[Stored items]
+ + +

(* Let $L$ be a finite-dimensional Lie algebra over a field $F$. Then $L$ is solvable if and only if $\eta(L:M)=\dim(L/M)$ for all maximal subalgebras $M$ of $L$.
   Context: For a nonzero subalgebra $X$ of $L$, the strict core $k(X)$ is the sum of all ideals of $L$ that are proper subalgebras of $X$ (it is $0$ if there are none). For a maximal subalgebra $M$, a subalgebra $C$ is a completion of $M$ if $C\not\subseteq M$ but every proper subalgebra of $C$ that is an ideal of $L$ is contained in $M$; an ideal completion is a completion that is an ideal of $L$. The ideal index $\eta(L:M)$ is $\dim(C/k(C))$ for any ideal completion $C$ of $M$ (independent of the choice of $C$). *)

theory Defs
  imports Main "HOL.Vector_Spaces"
begin

text \<open>A Lie algebra over a field 'f, with underlying vector space the whole type 'v,
  scalar multiplication s and Lie bracket b.\<close>

definition lie_algebra :: "('f::field \<Rightarrow> 'v::ab_group_add \<Rightarrow> 'v) \<Rightarrow> ('v \<Rightarrow> 'v \<Rightarrow> 'v) \<Rightarrow> bool" where
  "lie_algebra s b \<longleftrightarrow> vector_space s
     \<and> (\<forall>x y z. b (x + y) z = b x z + b y z)
     \<and> (\<forall>x y z. b x (y + z) = b x y + b x z)
     \<and> (\<forall>a x y. b (s a x) y = s a (b x y))
     \<and> (\<forall>a x y. b x (s a y) = s a (b x y))
     \<and> (\<forall>x. b x x = 0)
     \<and> (\<forall>x y z. b x (b y z) + b y (b z x) + b z (b x y) = 0)"

definition lie_finite_dim :: "('f::field \<Rightarrow> 'v::ab_group_add \<Rightarrow> 'v) \<Rightarrow> bool" where
  "lie_finite_dim s \<longleftrightarrow> (\<exists>B. finite B \<and> module.span s B = UNIV)"

definition lie_subalgebra :: "('f::field \<Rightarrow> 'v::ab_group_add \<Rightarrow> 'v) \<Rightarrow> ('v \<Rightarrow> 'v \<Rightarrow> 'v) \<Rightarrow> 'v set \<Rightarrow> bool" where
  "lie_subalgebra s b S \<longleftrightarrow> module.subspace s S \<and> (\<forall>x\<in>S. \<forall>y\<in>S. b x y \<in> S)"

definition lie_ideal :: "('f::field \<Rightarrow> 'v::ab_group_add \<Rightarrow> 'v) \<Rightarrow> ('v \<Rightarrow> 'v \<Rightarrow> 'v) \<Rightarrow> 'v set \<Rightarrow> bool" where
  "lie_ideal s b I \<longleftrightarrow> module.subspace s I \<and> (\<forall>x. \<forall>y\<in>I. b x y \<in> I)"

definition maximal_subalgebra :: "('f::field \<Rightarrow> 'v::ab_group_add \<Rightarrow> 'v) \<Rightarrow> ('v \<Rightarrow> 'v \<Rightarrow> 'v) \<Rightarrow> 'v set \<Rightarrow> bool" where
  "maximal_subalgebra s b M \<longleftrightarrow> lie_subalgebra s b M \<and> M \<noteq> UNIV
     \<and> (\<forall>N. lie_subalgebra s b N \<and> M \<subseteq> N \<longrightarrow> N = M \<or> N = UNIV)"

fun derived_series :: "('f::field \<Rightarrow> 'v::ab_group_add \<Rightarrow> 'v) \<Rightarrow> ('v \<Rightarrow> 'v \<Rightarrow> 'v) \<Rightarrow> nat \<Rightarrow> 'v set" where
  "derived_series s b 0 = UNIV"
| "derived_series s b (Suc k) =
     module.span s {b x y | x y. x \<in> derived_series s b k \<and> y \<in> derived_series s b k}"

definition lie_solvable :: "('f::field \<Rightarrow> 'v::ab_group_add \<Rightarrow> 'v) \<Rightarrow> ('v \<Rightarrow> 'v \<Rightarrow> 'v) \<Rightarrow> bool" where
  "lie_solvable s b \<longleftrightarrow> (\<exists>k. derived_series s b k = {0})"

definition strict_core :: "('f::field \<Rightarrow> 'v::ab_group_add \<Rightarrow> 'v) \<Rightarrow> ('v \<Rightarrow> 'v \<Rightarrow> 'v) \<Rightarrow> 'v set \<Rightarrow> 'v set" where
  "strict_core s b X = module.span s (\<Union>{I. lie_ideal s b I \<and> I \<subset> X})"

definition lie_completion :: "('f::field \<Rightarrow> 'v::ab_group_add \<Rightarrow> 'v) \<Rightarrow> ('v \<Rightarrow> 'v \<Rightarrow> 'v) \<Rightarrow> 'v set \<Rightarrow> 'v set \<Rightarrow> bool" where
  "lie_completion s b M C \<longleftrightarrow> lie_subalgebra s b C \<and> \<not> C \<subseteq> M
     \<and> (\<forall>I. lie_subalgebra s b I \<and> I \<subset> C \<and> lie_ideal s b I \<longrightarrow> I \<subseteq> M)"

definition ideal_completion :: "('f::field \<Rightarrow> 'v::ab_group_add \<Rightarrow> 'v) \<Rightarrow> ('v \<Rightarrow> 'v \<Rightarrow> 'v) \<Rightarrow> 'v set \<Rightarrow> 'v set \<Rightarrow> bool" where
  "ideal_completion s b M C \<longleftrightarrow> lie_completion s b M C \<and> lie_ideal s b C"

text \<open>Ideal index eta(L:M) = dim(C / k(C)) = dim C - dim k(C) for an ideal completion C
  (independent of the choice of C).\<close>
definition ideal_index :: "('f::field \<Rightarrow> 'v::ab_group_add \<Rightarrow> 'v) \<Rightarrow> ('v \<Rightarrow> 'v \<Rightarrow> 'v) \<Rightarrow> 'v set \<Rightarrow> nat" where
  "ideal_index s b M = (let C = (SOME C. ideal_completion s b M C) in
      vector_space.dim s C - vector_space.dim s (strict_core s b C))"

end

theory Submission
  imports Defs "HOL-Library.Set_Algebras"
begin

text \<open>Let \<open>C\<close> be an ideal completion of the maximal subalgebra \<open>M\<close>. Since \<open>M + C = L\<close>, we have
  \<open>dim L - dim M = dim C - dim (M \<inter> C)\<close>, and \<open>k(C) \<subseteq> M \<inter> C\<close>; so \<open>\<eta>(L:M) = dim (L/M)\<close> exactly when
  \<open>k(C) = M \<inter> C\<close>, i.e. when \<open>M \<inter> C\<close> is an ideal. If \<open>L\<close> is solvable, \<open>[C,C]\<close> is a proper ideal of \<open>C\<close>,
  hence lies in \<open>k(C) \<subseteq> M\<close>, and this forces \<open>M \<inter> C\<close> to be an ideal.

  Conversely, suppose all the \<open>M \<inter> C\<close> are ideals but \<open>L\<close> is not solvable. The derived series
  stabilises at a nonzero perfect ideal \<open>D\<close>; choose a chief factor \<open>D/K\<close>. For \<open>x \<in> D\<close>, Fitting's
  decomposition \<open>L = L\<^sub>0(ad x) + D\<close> (null component taken modulo \<open>K\<close>) shows that a maximal subalgebra
  containing \<open>L\<^sub>0(ad x)\<close> would meet \<open>D\<close> inside \<open>K\<close>, which is impossible unless \<open>x \<in> K\<close>; so every
  \<open>x \<in> D\<close> acts nilpotently on \<open>L/K\<close>. Engel's theorem then yields an element of \<open>D/K\<close> centralised
  by \<open>D\<close>, so by minimality \<open>D/K\<close> is abelian, contradicting \<open>[D,D] = D\<close>.\<close>

lemma set_plus_eq_sums: "A + B = {x + y | x y. x \<in> A \<and> y \<in> B}"
  by (auto simp: set_plus_def)

locale lie_alg =
  fixes s :: "'f::field \<Rightarrow> 'v::ab_group_add \<Rightarrow> 'v" and b :: "'v \<Rightarrow> 'v \<Rightarrow> 'v"
  assumes lie_algebra: "lie_algebra s b"
begin

sublocale vector_space s
  using lie_algebra by (simp add: lie_algebra_def)

abbreviation ideal :: "'v set \<Rightarrow> bool" where "ideal \<equiv> lie_ideal s b"
abbreviation subalgebra :: "'v set \<Rightarrow> bool" where "subalgebra \<equiv> lie_subalgebra s b"

subsection \<open>Brackets, ideals and subalgebras\<close>

lemma bracket_add_left: "b (x + y) z = b x z + b y z"
  using lie_algebra by (simp add: lie_algebra_def)

lemma bracket_add_right: "b x (y + z) = b x y + b x z"
  using lie_algebra by (simp add: lie_algebra_def)

lemma bracket_scale_left: "b (s a x) y = s a (b x y)"
  using lie_algebra by (simp add: lie_algebra_def)

lemma bracket_scale_right: "b x (s a y) = s a (b x y)"
  using lie_algebra by (simp add: lie_algebra_def)

lemma bracket_self [simp]: "b x x = 0"
  using lie_algebra by (simp add: lie_algebra_def)

lemma bracket_jacobi: "b x (b y z) + b y (b z x) + b z (b x y) = 0"
  using lie_algebra by (simp add: lie_algebra_def)

lemma bracket_zero_right [simp]: "b x 0 = 0"
  using bracket_add_right[of x 0 0] by simp

lemma bracket_minus_right: "b x (- y) = - b x y"
  using bracket_add_right[of x y "- y"] minus_unique[of "b x y" "b x (- y)"] by simp

lemma bracket_diff_right: "b x (y - z) = b x y - b x z"
  using bracket_add_right[of x y "- z"] by (simp add: bracket_minus_right)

+ + +

** INSTRUCTIONS TO FOLLOW **
Retype exactly. Start at the line with "b x y - b x" and stop at the last line of the data.

** RESULT OF THE EXERCISE **
lemma bracket_diff_right: "b x (y - z) = b x y - b x z"
  using bracket_add_right[of x y "- z"] by (simp add: bracket_minus_right)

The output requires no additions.